Трудно было старику подниматься по склону — ноги заплетаются, палка вот-вот вывалится из трясущихся пальцев. Хугава поспешно спрыгнул с коня и заботливо поддержал Дато под локоть.
— Не прикасайся ко мне! — остервенело закричал Дато. — Не трогай меня нечистой рукой. Я вижу на твоей ладони след греха. На ней еще не высох пот распутной Томруз. Что? Ты еще не устал от объятий старухи? Где совесть? Прельстился женщиной, сын которой годится тебе в младшие братья. О негодяй! Хочешь рукою Томруз вырвать у меня власть? Не удастся. Я все знаю. Дато не перехитрить. Старая кожа крепка, старая кость тверда. Старую птицу приманкой не проведешь. Старый бык и ночью найдет путь в загон. Прочь!
Подобно черепахе, у которой пополам треснул панцирь, кое-как уполз Дато за гребень бархана.

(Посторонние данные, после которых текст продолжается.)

(* Let $H$ be a complete graph and let $\mathbf{E}=(E_0,E_1,E_2)$ be an ordered partition of $E(H)$. Let $M$ be a matching in $H$ with $M\subset E_0$ and $|M|<\lfloor\frac12|V(H)|\rfloor$, and let $X=V(H)-V(M)$. Then (1) if $E(H[X])\cap(E_0\cup E_1)\ne\emptyset$, then $H$ contains a good matching for $\mathbf{E}$ of order $|M|+1$; and (2) if $|E_H(V(M),X)\cap E_0|>|E_H(V(M),X)\cap E_2|$, then $H$ contains a good matching for $\mathbf{E}$ of order $|M|+1$.
   Context: An ordered partition $(E_0,E_1,E_2)$ of a set is a triple of pairwise disjoint (possibly empty) sets with that union. A matching $M$ is a good matching for $\mathbf{E}$ if $M\cap E_2=\emptyset$ and $|M\cap E_1|\le1$; the order of a matching is its number of edges. $V(M)$ is the set of endpoints of edges of $M$; for disjoint $A,B\subset V(H)$, $E_H(A,B)$ is the set of edges of $H$ with one end in $A$ and the other in $B$. *)

theory Defs
  imports Main
begin

text \<open>Simple graphs: edges are 2-element vertex sets. The complete graph on a
finite vertex set V has edge set complete_edges V.\<close>

definition complete_edges :: "'a set \<Rightarrow> 'a set set" where
  "complete_edges V = {e. e \<subseteq> V \<and> card e = 2}"

definition matching :: "'a set set \<Rightarrow> bool" where
  "matching M \<longleftrightarrow> (\<forall>e\<in>M. \<forall>f\<in>M. e \<noteq> f \<longrightarrow> e \<inter> f = {})"

definition ordered_partition3 :: "'a set \<Rightarrow> 'a set \<Rightarrow> 'a set \<Rightarrow> 'a set \<Rightarrow> bool" where
  "ordered_partition3 E0 E1 E2 E \<longleftrightarrow>
     E0 \<union> E1 \<union> E2 = E \<and> E0 \<inter> E1 = {} \<and> E0 \<inter> E2 = {} \<and> E1 \<inter> E2 = {}"

definition good_matching :: "'a set set \<Rightarrow> 'a set set \<Rightarrow> 'a set set \<Rightarrow> bool" where
  "good_matching E1 E2 M \<longleftrightarrow> matching M \<and> M \<inter> E2 = {} \<and> card (M \<inter> E1) \<le> 1"

definition verts :: "'a set set \<Rightarrow> 'a set" where
  "verts M = \<Union>M"

definition edges_between :: "'a set set \<Rightarrow> 'a set \<Rightarrow> 'a set \<Rightarrow> 'a set set" where
  "edges_between E A B = {e \<in> E. \<exists>a\<in>A. \<exists>b\<in>B. e = {a, b}}"

definition induced_edges :: "'a set set \<Rightarrow> 'a set \<Rightarrow> 'a set set" where
  "induced_edges E X = {e \<in> E. e \<subseteq> X}"

end

theory Submission
  imports Defs
begin

text \<open>For (1), an edge of E0 \<union> E1 inside X can simply be added to M.
For (2), double counting the edges between V(M) and X gives an edge uv of M whose endpoints
send more E0-edges than E2-edges into X. Since |M| < \<lfloor>|V|/2\<rfloor> we have |X| \<ge> 2, and then if
x = y for all x, y \<in> X with ux \<in> E0 and vy \<notin> E2, u has at most as many E0-neighbours in X as
v has E2-neighbours there. This cannot hold for both orientations of uv, so for one of them
there are distinct such x and y, and replacing uv by ux and vy gives a good matching of order
|M| + 1.\<close>

definition nbrs_in :: "'a set set \<Rightarrow> 'a set \<Rightarrow> 'a \<Rightarrow> 'a set" where
  "nbrs_in F X a = {x \<in> X. {a, x} \<in> F}"

lemma card_le_card_if_no_distinct_pair:
  assumes "finite X" "2 \<le> card X" "A \<subseteq> X" "B \<subseteq> X"
    and eq: "\<And>x y. x \<in> A \<Longrightarrow> y \<in> X - B \<Longrightarrow> x = y"
  shows "card A \<le> card B"
proof (cases "X - B = {}")
  case True
  then have "B = X" using assms(4) by blast
  then show ?thesis using card_mono[OF assms(1,3)] by simp
next
  case False
  then obtain y where y: "y \<in> X - B" by blast
  show ?thesis
  proof (cases "A = {}")
    case False
    then have "A = {y}" using eq y by blast
    moreover have "X - B = {y}" using eq y \<open>A = {y}\<close> by blast
    then have "card X - card B = 1"
      using card_Diff_subset[OF finite_subset[OF assms(4,1)] assms(4)] by simp
    ultimately show ?thesis using assms(2) by simp
  qed simp
qed

lemma matching_Un:
  assumes "matching N" "matching P" "verts N \<inter> verts P = {}"
  shows "matching (N \<union> P)"
  using assms unfolding matching_def verts_def by blast

lemma good_matching_Un:
  assumes "matching N" "N \<inter> (E1 \<union> E2) = {}"
    and "matching P" "P \<inter> E2 = {}" "card (P \<inter> E1) \<le> 1"
    and "verts N \<inter> verts P = {}"
  shows "good_matching E1 E2 (N \<union> P)"
proof -
  have "(N \<union> P) \<inter> E1 = P \<inter> E1" using assms(2) by blast
  then show ?thesis
    using assms matching_Un unfolding good_matching_def by auto
qed

lemma finite_complete_edges: "finite V \<Longrightarrow> finite (complete_edges V)"
  unfolding complete_edges_def by (auto intro: finite_subset[of _ "Pow V"])

lemma verts_subset: "M \<subseteq> complete_edges V \<Longrightarrow> verts M \<subseteq> V"
  unfolding verts_def complete_edges_def by blast

lemma card_verts_le:
  assumes "M \<subseteq> complete_edges V"
  shows "card (verts M) \<le> 2 * card M"
proof -
  have "card (verts M) \<le> (\<Sum>e\<in>M. card e)"
    unfolding verts_def by (rule card_Union_le_sum_card)
  also have "\<dots> = 2 * card M"
    using assms by (simp add: complete_edges_def subset_eq)
  finally show ?thesis .
qed

lemma sum_verts_matching:
  assumes "finite V" "M \<subseteq> complete_edges V" "matching M"
  shows "sum f (verts M) = (\<Sum>e\<in>M. sum f e)"
proof -
  have "\<forall>e\<in>M. finite e"
    using assms(1,2) unfolding complete_edges_def by (blast intro: finite_subset)
  moreover have "\<forall>e\<in>M. \<forall>e'\<in>M. e \<noteq> e' \<longrightarrow> e \<inter> e' = {}"
    using assms(3) unfolding matching_def by blast
  ultimately show ?thesis unfolding verts_def by (simp add: sum.Union_disjoint)
qed

lemma card_edges_between_eq_sum:
  assumes "finite V" "A \<subseteq> V" "X \<subseteq> V" "A \<inter> X = {}"
  shows "card (edges_between (complete_edges V) A X \<inter> F) = (\<Sum>a\<in>A. card (nbrs_in F X a))"
proof -
  have "edges_between (complete_edges V) A X \<inter> F = (\<Union>a\<in>A. (\<lambda>x. {a, x}) ` nbrs_in F X a)"
    using assms(2-4)
    by (auto simp: edges_between_def nbrs_in_def complete_edges_def card_2_iff) blast+
  moreover have "card (\<Union>a\<in>A. (\<lambda>x. {a, x}) ` nbrs_in F X a)
      = (\<Sum>a\<in>A. card ((\<lambda>x. {a, x}) ` nbrs_in F X a))"
    using assms finite_subset[OF assms(2,1)] finite_subset[OF assms(3,1)]
    by (intro card_UN_disjoint) (auto simp: nbrs_in_def doubleton_eq_iff)
  moreover have "inj_on (\<lambda>x. {a, x}) (nbrs_in F X a)" if "a \<in> A" for a
    using that assms(4) by (auto simp: inj_on_def doubleton_eq_iff nbrs_in_def)
  ultimately show ?thesis by (simp add: card_image)
qed

lemma good_matching_add_edge:
  assumes "finite V" "M \<subseteq> complete_edges V" "matching M" "M \<inter> (E1 \<union> E2) = {}"
    and "e \<in> complete_edges V" "e \<subseteq> V - verts M" "e \<notin> E2"
  shows "\<exists>M'. M' \<subseteq> complete_edges V \<and> good_matching E1 E2 M' \<and> card M' = card M + 1"
proof (intro exI conjI)
  have "e \<noteq> {}" using assms(5) by (auto simp: complete_edges_def)
  then have "e \<notin> M" using assms(6) by (auto simp: verts_def)
  moreover have "finite M"
    using assms(1,2) finite_complete_edges finite_subset by blast
  ultimately show "card (M \<union> {e}) = card M + 1" by simp
  have "card ({e} \<inter> E1) \<le> 1" by (simp add: card_le_Suc0_iff_eq)
  then show "good_matching E1 E2 (M \<union> {e})"
    using assms(3,4,6,7) by (intro good_matching_Un) (auto simp: matching_def verts_def)
qed (use assms in auto)

lemma good_matching_swap_edge:
  assumes "finite V" "M \<subseteq> complete_edges V" "matching M" "M \<inter> (E1 \<union> E2) = {}"
    and e: "{u, v} \<in> M" "u \<noteq> v"
    and xy: "x \<in> V - verts M" "y \<in> V - verts M" "x \<noteq> y"
    and "{u, x} \<notin> E1 \<union> E2" "{v, y} \<notin> E2"
  shows "\<exists>M'. M' \<subseteq> complete_edges V \<and> good_matching E1 E2 M' \<and> card M' = card M + 1"
proof (intro exI conjI)
  let ?N = "M - {{u, v}}" and ?P = "{{u, x}, {v, y}}"
  have uv: "u \<in> verts M" "v \<in> verts M" using e by (auto simp: verts_def)
  then have "u \<noteq> x" "u \<noteq> y" "v \<noteq> x" "v \<noteq> y" using xy by auto
  then have P: "{u, x} \<inter> {v, y} = {}" using e(2) xy(3) by auto
  have "finite M" using assms(1,2) finite_complete_edges finite_subset by blast
  then have "card ?N + 1 = card M" using card_Suc_Diff1[OF _ e(1)] by simp
  moreover have "?N \<inter> ?P = {}" "{u, x} \<noteq> {v, y}"
    using uv xy by (auto simp: verts_def doubleton_eq_iff)
  ultimately show "card (?N \<union> ?P) = card M + 1"
    using \<open>finite M\<close> by (simp add: card_Un_disjoint)
  have "h \<inter> {u, v} = {}" if "h \<in> ?N" for h
    using that assms(3) e(1) unfolding matching_def by (metis DiffE singletonI)
  then have "verts ?N \<inter> {u, v} = {}" unfolding verts_def by blast
  then have "verts ?N \<inter> verts ?P = {}" using xy by (auto simp: verts_def)
  moreover have "matching ?P" using P by (auto simp: matching_def)
  moreover have "matching ?N" using assms(3) by (auto simp: matching_def)
  moreover have "card (?P \<inter> E1) \<le> 1"
    using assms(10) card_mono[of "{{v, y}}" "?P \<inter> E1"] by fastforce
  ultimately show "good_matching E1 E2 (?N \<union> ?P)"
    using assms(4,10,11) by (intro good_matching_Un) auto
  show "?N \<union> ?P \<subseteq> complete_edges V"
    using assms(2) xy verts_subset[OF assms(2)] uv \<open>u \<noteq> x\<close> \<open>v \<noteq> y\<close>
    by (auto simp: complete_edges_def)
qed

lemma good_matching_swap_at_excess_edge:
  assumes "finite V" "M \<subseteq> complete_edges V" "matching M" "M \<inter> (E1 \<union> E2) = {}"
    and "E0 \<inter> (E1 \<union> E2) = {}"
    and "{u, v} \<in> M" "u \<noteq> v" "2 \<le> card (V - verts M)"
    and excess: "card (nbrs_in E2 (V - verts M) u) + card (nbrs_in E2 (V - verts M) v)
      < card (nbrs_in E0 (V - verts M) u) + card (nbrs_in E0 (V - verts M) v)"
  shows "\<exists>M'. M' \<subseteq> complete_edges V \<and> good_matching E1 E2 M' \<and> card M' = card M + 1"
proof -
  let ?X = "V - verts M"
  have swap: "\<exists>M'. M' \<subseteq> complete_edges V \<and> good_matching E1 E2 M' \<and> card M' = card M + 1"
    if "{a, b} \<in> M" "a \<noteq> b" "x \<in> nbrs_in E0 ?X a" "y \<in> ?X - nbrs_in E2 ?X b" "x \<noteq> y"
    for a b x y
    by (rule good_matching_swap_edge[OF assms(1-4) that(1,2), where x = x and y = y])
      (use that assms(5) in \<open>auto simp: nbrs_in_def\<close>)
  have bound: "card (nbrs_in E0 ?X a) \<le> card (nbrs_in E2 ?X b)"
    if "\<forall>x\<in>nbrs_in E0 ?X a. \<forall>y\<in>?X - nbrs_in E2 ?X b. x = y" for a b
    by (rule card_le_card_if_no_distinct_pair[of ?X])
      (use that assms(1,8) in \<open>auto simp: nbrs_in_def\<close>)
  have "(\<exists>x\<in>nbrs_in E0 ?X u. \<exists>y\<in>?X - nbrs_in E2 ?X v. x \<noteq> y)
      \<or> (\<exists>x\<in>nbrs_in E0 ?X v. \<exists>y\<in>?X - nbrs_in E2 ?X u. x \<noteq> y)"
  proof (rule ccontr)
    assume "\<not> ?thesis"
    then have "card (nbrs_in E0 ?X u) \<le> card (nbrs_in E2 ?X v)"
      and "card (nbrs_in E0 ?X v) \<le> card (nbrs_in E2 ?X u)"
      by (simp_all add: bound)
    with excess show False by linarith
  qed
  moreover have "{v, u} \<in> M" using assms(6) by (simp add: insert_commute)
  ultimately show ?thesis
    using swap assms(6,7) by blast
qed

theorem lemma12:
  fixes V :: "'a set" and E0 E1 E2 M :: "'a set set"
  assumes "finite V"
    and "ordered_partition3 E0 E1 E2 (complete_edges V)"
    and "M \<subseteq> complete_edges V" and "matching M"
    and "M \<subseteq> E0"
    and "card M < card V div 2"
  shows "(induced_edges (complete_edges V) (V - verts M) \<inter> (E0 \<union> E1) \<noteq> {} \<longrightarrow>
           (\<exists>M'. M' \<subseteq> complete_edges V \<and> good_matching E1 E2 M' \<and> card M' = card M + 1))
       \<and> (card (edges_between (complete_edges V) (verts M) (V - verts M) \<inter> E0)
            > card (edges_between (complete_edges V) (verts M) (V - verts M) \<inter> E2) \<longrightarrow>
           (\<exists>M'. M' \<subseteq> complete_edges V \<and> good_matching E1 E2 M' \<and> card M' = card M + 1))"
proof (intro conjI impI)
  let ?X = "V - verts M"
  have part: "E0 \<inter> (E1 \<union> E2) = {}" "E1 \<inter> E2 = {}"
    using assms(2) by (auto simp: ordered_partition3_def)
  then have M: "M \<inter> (E1 \<union> E2) = {}" using assms(5) by blast
  show "\<exists>M'. M' \<subseteq> complete_edges V \<and> good_matching E1 E2 M' \<and> card M' = card M + 1"
    if "induced_edges (complete_edges V) ?X \<inter> (E0 \<union> E1) \<noteq> {}"
    using that part good_matching_add_edge[OF assms(1,3,4) M]
    by (auto simp: induced_edges_def)
  have "verts M \<inter> ?X = {}" by blast
  then have count: "card (edges_between (complete_edges V) (verts M) ?X \<inter> F)
      = (\<Sum>e\<in>M. \<Sum>a\<in>e. card (nbrs_in F ?X a))" for F
    by (simp only: card_edges_between_eq_sum[OF assms(1) verts_subset[OF assms(3)] Diff_subset]
        sum_verts_matching[OF assms(1,3,4)])
  assume "card (edges_between (complete_edges V) (verts M) ?X \<inter> E2)
    < card (edges_between (complete_edges V) (verts M) ?X \<inter> E0)"
  then have "(\<Sum>e\<in>M. \<Sum>a\<in>e. card (nbrs_in E2 ?X a)) < (\<Sum>e\<in>M. \<Sum>a\<in>e. card (nbrs_in E0 ?X a))"
    by (simp only: count)
  then obtain e where "e \<in> M"
    and "(\<Sum>a\<in>e. card (nbrs_in E2 ?X a)) < (\<Sum>a\<in>e. card (nbrs_in E0 ?X a))"
    by (meson not_le sum_mono)
  moreover obtain u v where "e = {u, v}" "u \<noteq> v"
    using \<open>e \<in> M\<close> assms(3) by (auto simp: complete_edges_def card_2_iff)
  moreover have "2 \<le> card ?X"
  proof -
    have "card ?X = card V - card (verts M)"
      using assms(1) verts_subset[OF assms(3)] by (simp add: card_Diff_subset finite_subset)
    then show ?thesis using card_verts_le[OF assms(3)] assms(6) by linarith
  qed
  ultimately show "\<exists>M'. M' \<subseteq> complete_edges V \<and> good_matching E1 E2 M' \<and> card M' = card M + 1"
    by (intro good_matching_swap_at_excess_edge[OF assms(1,3,4) M part(1)]) simp_all
qed

end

Долго стоял Хугава внизу, одурело уставившись в корявые следы свихнувшегося старейшины. Он постучал себя кулаком по виску, стараясь хоть немного прояснить мозг и, рассеянно взглянув на коня, бездумно взобрался ему на спину.
В другой раз Дато нежданно-негаданно объявился перед женою Хугавы. Старших положено уважать. Молодая женщина пригласила белобородого в шатер:
— Отведайте нашего мяса.
— Что? Пусть его коршуны жрут! Чтоб я ступил в жилище, где поселился блуд? Никогда! Где твои глаза, несчастная? Разве ты ослепла? Где твои уши? Разве ты оглохла? Разве ты ничего уже не видишь и не слышишь? Томруз сделалась подругой Хугавы. Ступай! Спеши. Торопись. Не медли. Он и сейчас с нею.

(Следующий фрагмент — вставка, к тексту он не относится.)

definition edge_jump_cov :: "nat \<Rightarrow> nat \<Rightarrow> nat \<Rightarrow> nat \<Rightarrow> nat \<Rightarrow> (nat \<Rightarrow> real) \<Rightarrow> real" where
  "edge_jump_cov N i j k l x =
     (if k \<in> updated_vertices N i j \<and> l \<in> updated_vertices N i j then
        (if k = l then (x i - x j)^2 / 3 else - ((x i - x j)^2) / 6)
      else 0)"

definition discrete_laplacian :: "nat \<Rightarrow> (nat \<Rightarrow> real) \<Rightarrow> nat \<Rightarrow> real" where
  "discrete_laplacian N x k =
    (if k \<in> internal_vertices N then (x (k-1) + x (k+1)) / 2 - x k else 0)"

definition clip :: "real \<Rightarrow> real \<Rightarrow> real" where
  "clip h t = max 0 (min h t)"

text \<open>On configurations with values in [0, h], where the invariant measure lives, this is
  x k * x l; the clipping makes it a bounded test function.\<close>
definition clipped_product :: "real \<Rightarrow> nat \<Rightarrow> nat \<Rightarrow> (nat \<Rightarrow> real) \<Rightarrow> real" where
  "clipped_product h k l y = clip h (y k) * clip h (y l)"

lemma abs_clipped_product_le: "0 \<le> h \<Longrightarrow> \<bar>clipped_product h k l y\<bar> \<le> h * h"
  unfolding clipped_product_def clip_def abs_mult by (intro mult_mono) auto

lemma borel_measurable_clipped_product:
  assumes "k \<le> N" "l \<le> N"
  shows "clipped_product h k l \<in> borel_measurable (opinion_space N)"
proof -
  have c: "clip h \<in> borel_measurable borel" unfolding clip_def by measurable
  have "(\<lambda>y. y a) \<in> borel_measurable (opinion_space N)" if "a \<le> N" for a
    unfolding opinion_space_def using that by (intro measurable_component_singleton) auto
  with assms show ?thesis unfolding clipped_product_def
    by (intro borel_measurable_times measurable_compose[OF _ c]) auto
qed

lemma opinion_update_bounded:
  assumes e: "(i, j) \<in> opinion_edges N" and N: "N \<ge> 2" and "m \<le> N"
    and x: "\<And>m. m \<le> N \<Longrightarrow> 0 \<le> x m \<and> x m \<le> h" and v: "0 \<le> v" "v \<le> 1"
  shows "0 \<le> opinion_update N i j v x m \<and> opinion_update N i j v x m \<le> h"
proof -
  have ij: "i \<le> N" "j \<le> N" using opinion_edgeD[OF e N] by auto
  have "v * x i + (1 - v) * x j \<le> v * h + (1 - v) * h"
    using x[OF ij(1)] x[OF ij(2)] v by (intro add_mono mult_left_mono) auto
  moreover have "0 \<le> v * x i + (1 - v) * x j" using x[OF ij(1)] x[OF ij(2)] v by simp
  ultimately show ?thesis
    unfolding opinion_update_eq using x[OF \<open>m \<le> N\<close>] by (auto simp: algebra_simps)
qed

— Томруз… и Хугава? — удивилась женщина. — Не может быть. Я знаю Хугаву. И знаю тетушку Томруз. Прости, отец, но ты говоришь неправду.
Стройная и крепкая, как и сам Хугава, лицом приятная, взглядом смелая, она стояла, спокойно возвышаясь над стариком, корчившемся от бешенства, и неприязненно смотрела в его безумные глаза.
— Что? Я говорю неправду? Выходит, я лжец? Я обманщик? Я пустой болтун? А-а-а! Все вы тут в сговоре, я вижу. Будьте же прокляты все! В первый раз встречаю женщину, которой все равно, с нею муж или с другой. Значит, и сама ты нечиста, как кобылица весною. Грех! Свальный грех!
— Как тебе не стыдно, отец, — глухо, сквозь зубы, сказала жена Хугавы. — Лучше б ты мирно сидел среди внуков своих, уму-разуму их учил бы, чем рыскать от шатра к шатру с клеветой на устах. Уймись! Перед богом ведь скоро предстанешь.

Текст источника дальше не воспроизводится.